Examine the entries and show every line in which the word "fixes" is found.
START The input
text \<open>A left multiplier maps constant functions to constant functions, which yields the
  isometry \<open>U x = (T x)(0)\<close>; with \<open>\<Phi> f = U\<^sup>-\<^sup>1 ((T f)(0))\<close> one has \<open>(T f)(s) = U (\<Phi> (L\<^sub>s f))\<close>, so it
  suffices to show that \<open>\<Phi>\<close> is evaluation at a point \<open>y\<close>. The map \<open>\<Phi>\<close> is a linear contraction
  fixing constants, and since \<open>T f\<close> attains its norm, every \<open>f\<close> has a translate with
  \<open>\<parallel>\<Phi> (L\<^sub>s f)\<parallel> = \<parallel>f\<parallel>\<close>.

  For continuous \<open>a : G \<rightarrow> [0,1]\<close>, strict convexity of \<open>X\<^sup>*\<close> forces \<open>\<Phi> (a \<cdot> x) = m(a) x\<close> with a
  scalar \<open>m(a) \<in> [0,1]\<close> (Hahn-Banach turns the statement about functionals into one about
  vectors). The weight \<open>m\<close> is additive, monotone and normalised, and \<open>\<parallel>\<Phi> (a f)\<parallel> \<le> m(a) \<parallel>f\<parallel>\<close>.
  Norm-attaining translates show that \<open>m\<close> is carried by a translate of every neighbourhood
  of the identity, so the closed sets carrying \<open>m\<close> separate points; by compactness they shrink
  to one point \<open>y\<close> carrying \<open>m\<close>, and then \<open>\<Phi> f = f y\<close>.\<close>

section \<open>Continuous functions into the unit interval\<close>

definition cont01 :: "('a::topological_space \<Rightarrow> real) \<Rightarrow> bool" where
  "cont01 a \<longleftrightarrow> continuous_on UNIV a \<and> (\<forall>t. 0 \<le> a t \<and> a t \<le> 1)"

lemma cont01D:
  assumes "cont01 a"
  shows "continuous_on UNIV a" "0 \<le> a t" "a t \<le> 1"
  using assms by (auto simp: cont01_def)

lemma cont01_const: "0 \<le> c \<Longrightarrow> c \<le> 1 \<Longrightarrow> cont01 (\<lambda>_. c)"
  by (simp add: cont01_def)

lemma cont01_compl: "cont01 a \<Longrightarrow> cont01 (\<lambda>t. 1 - a t)"
  unfolding cont01_def by (auto intro!: continuous_intros)

lemma cont01_mult: "cont01 a \<Longrightarrow> cont01 b \<Longrightarrow> cont01 (\<lambda>t. a t * b t)"
  unfolding cont01_def by (auto intro!: continuous_intros mult_le_one)

lemma cont01_truncate:
  assumes "cont01 a" "0 \<le> \<epsilon>"
  shows "cont01 (\<lambda>t. max (a t - \<epsilon>) 0)"
proof -
  have "max (a t - \<epsilon>) 0 \<le> 1" for t
    using cont01D(3)[OF assms(1), of t] assms(2) by simp
  then show ?thesis
    using cont01D(1)[OF assms(1)] unfolding cont01_def by (auto intro!: continuous_intros)
qed

lemma cont01_translate:
  fixes a :: "'g::topological_monoid_add \<Rightarrow> real"
  assumes "cont01 a"
  shows "cont01 (\<lambda>t. a (s + t))"
proof -
  have "continuous_on UNIV (\<lambda>t. a (s + t))"
    using cont01D(1)[OF assms]
    by (rule continuous_on_compose2[where t=UNIV]) (auto intro!: continuous_intros)
  then show ?thesis
    using assms by (simp add: cont01_def)
qed

lemma Urysohn_compact_t2:
  fixes S T :: "'a::t2_space set"
  assumes "compact (UNIV :: 'a set)" "closed S" "closed T" "S \<inter> T = {}"
  obtains f where "cont01 f" "\<And>t. t \<in> S \<Longrightarrow> f t = 0" "\<And>t. t \<in> T \<Longrightarrow> f t = 1"
proof -
  have "Hausdorff_space (euclidean :: 'a topology)"
    unfolding Hausdorff_space_def using separation_t2 by (auto simp: disjnt_def)
  then have "normal_space (euclidean :: 'a topology)"
    using assms(1) by (intro compact_Hausdorff_or_regular_imp_normal_space)
      (auto simp: compact_space_def)
  then obtain f where f: "continuous_map euclidean (top_of_set {0..1::real}) f"
      "f ` S \<subseteq> {0}" "f ` T \<subseteq> {1}"
    using Urysohn_lemma[of euclidean S T 0 1] assms by (auto simp: disjnt_def)
  have "continuous_on UNIV f"
    using f(1) by (metis continuous_map_in_subtopology continuous_map_iff_continuous2)
  moreover have "0 \<le> f t \<and> f t \<le> 1" for t
    using f(1) by (auto simp: continuous_map_in_subtopology)
  ultimately have "cont01 f"
    by (simp add: cont01_def)
  moreover have "f t = 0" if "t \<in> S" for t
    using f(2) that by auto
  moreover have "f t = 1" if "t \<in> T" for t
    using f(3) that by auto
  ultimately show thesis
    by (rule that)
qed

lemma bump_compact_t2:
  fixes W :: "'a::t2_space set"
  assumes "compact (UNIV :: 'a set)" "open W" "x \<in> W"
  obtains a C where "cont01 a" "a x = 1" "closed C" "C \<subseteq> W" "\<And>t. t \<notin> C \<Longrightarrow> a t = 0"
proof -
  obtain a0 where a0: "cont01 a0" "\<And>t. t \<in> - W \<Longrightarrow> a0 t = 0" "a0 x = 1"
    using Urysohn_compact_t2[OF assms(1), of "- W" "{x}"] assms(2,3) by (auto simp: closed_Compl)
  define C where "C = {t. 1/2 \<le> a0 t}"
  define a where "a t = max 0 (2 * a0 t - 1)" for t
  have "closed C"
    unfolding C_def using cont01D(1)[OF a0(1)] by (rule closed_Collect_le[OF continuous_on_const])
  moreover have "cont01 a"
    using a0(1) unfolding cont01_def a_def by (auto intro!: continuous_intros)
  moreover have "C \<subseteq> W"
    using a0(2) by (force simp: C_def)
  ultimately show thesis
    by (intro that[of a C]) (auto simp: a_def C_def a0(3))
qed

lemma cont01_split_near_closed_Int:
  fixes C1 C2 :: "'a::t2_space set"
  assumes "compact (UNIV :: 'a set)" "closed C1" "closed C2" and c: "cont01 c"
    and vanish: "\<And>t. t \<in> C1 \<inter> C2 \<Longrightarrow> c t = 0" and "0 < \<epsilon>"
  obtains p q where "cont01 p" "cont01 q" "\<And>t. t \<in> C1 \<Longrightarrow> p t = 0" "\<And>t. t \<in> C2 \<Longrightarrow> q t = 0"
    "\<And>t. p t + q t = max (c t - \<epsilon>) 0"
proof -
  define D where "D = {t. \<epsilon> \<le> c t}"
  have "closed D"
    unfolding D_def using cont01D(1)[OF c] by (rule closed_Collect_le[OF continuous_on_const])
  moreover have "(D \<inter> C1) \<inter> (D \<inter> C2) = {}"
    using vanish \<open>0 < \<epsilon>\<close> by (force simp: D_def)
  ultimately obtain u where u: "cont01 u" "\<And>t. t \<in> D \<inter> C1 \<Longrightarrow> u t = 0" "\<And>t. t \<in> D \<inter> C2 \<Longrightarrow> u t = 1"
    using Urysohn_compact_t2[OF assms(1), of "D \<inter> C1" "D \<inter> C2"] assms(2,3) by blast
  let ?c' = "\<lambda>t. max (c t - \<epsilon>) 0"
  have c': "cont01 ?c'"
    using cont01_truncate[OF c] \<open>0 < \<epsilon>\<close> by simp
  show thesis
  proof (rule that[of "\<lambda>t. u t * ?c' t" "\<lambda>t. (1 - u t) * ?c' t"])
    show "cont01 (\<lambda>t. u t * ?c' t)" "cont01 (\<lambda>t. (1 - u t) * ?c' t)"
      using u(1) c' by (simp_all add: cont01_mult cont01_compl)
    show "u t * ?c' t = 0" if "t \<in> C1" for t
      using u(2)[of t] that by (cases "t \<in> D") (auto simp: D_def)
    show "(1 - u t) * ?c' t = 0" if "t \<in> C2" for t
      using u(3)[of t] that by (cases "t \<in> D") (auto simp: D_def)
    show "u t * ?c' t + (1 - u t) * ?c' t = ?c' t" for t
      by (simp add: algebra_simps)
  qed
qed

lemma compact_Inter_closed_subset_open:
  fixes \<F> :: "'a::topological_space set set"
  assumes "compact (UNIV :: 'a set)" "\<And>C. C \<in> \<F> \<Longrightarrow> closed C"
    and "open V" "\<Inter>\<F> \<subseteq> V"
  obtains \<F>' where "finite \<F>'" "\<F>' \<subseteq> \<F>" "\<Inter>\<F>' \<subseteq> V"
proof -
  have "\<exists>\<F>''. finite \<F>'' \<and> \<F>'' \<subseteq> insert (- V) \<F> \<and> \<Inter>\<F>'' = {}"
  proof (rule ccontr)
    assume no_finite: "\<not> ?thesis"
    have "UNIV \<inter> \<Inter>(insert (- V) \<F>) \<noteq> {}"
    proof (rule compact_imp_fip[OF assms(1)])
      show "closed C" if "C \<in> insert (- V) \<F>" for C
        using that assms(2,3) by (metis closed_Compl insertE)
      show "UNIV \<inter> \<Inter>\<F>' \<noteq> {}" if "finite \<F>'" "\<F>' \<subseteq> insert (- V) \<F>" for \<F>'
        using no_finite that by auto
    qed
    with assms(4) show False
      by blast
  qed
  then obtain \<F>'' where "finite \<F>''" "\<F>'' \<subseteq> insert (- V) \<F>" "\<Inter>\<F>'' = {}"
    by blast
  moreover have "\<Inter>(\<F>'' - {- V}) \<subseteq> V"
    using \<open>\<Inter>\<F>'' = {}\<close> by blast
  ultimately show thesis
    by (intro that[of "\<F>'' - {- V}"]) auto
qed

lemma nhds_zero_avoiding_difference:
  fixes d :: "'g::{topological_group_add, t1_space}"
  assumes "d \<noteq> 0"
  obtains W where "open W" "0 \<in> W" "\<And>u v. u \<in> W \<Longrightarrow> v \<in> W \<Longrightarrow> - v + u \<noteq> d"
proof -
  let ?h = "\<lambda>z::'g \<times> 'g. - snd z + fst z"
  have "open (?h -` (- {d}))"
    by (intro open_vimage open_Compl closed_singleton continuous_intros)
  moreover have "(0, 0) \<in> ?h -` (- {d})"
    using assms by simp
  ultimately obtain A B where AB: "open A" "open B" "(0, 0) \<in> A \<times> B"
      "A \<times> B \<subseteq> ?h -` (- {d})"
    by (rule open_prod_elim)
  have avoid: "- v + u \<noteq> d" if "u \<in> A \<inter> B" "v \<in> A \<inter> B" for u v
  proof -
    have "(u, v) \<in> ?h -` (- {d})"
      using that AB(4) by blast
    then show ?thesis
      by simp
  qed
  show thesis
    by (rule that[of "A \<inter> B", OF _ _ avoid]) (use AB(1-3) in auto)
qed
END The input
Written solution —
  fixes a :: "'g::topological_monoid_add \<Rightarrow> real"
  fixes S T :: "'a::t2_space set"
  fixes W :: "'a::t2_space set"
  fixes C1 C2 :: "'a::t2_space set"
  fixes \<F> :: "'a::topological_space set set"
  fixes d :: "'g::{topological_group_add, t1_space}"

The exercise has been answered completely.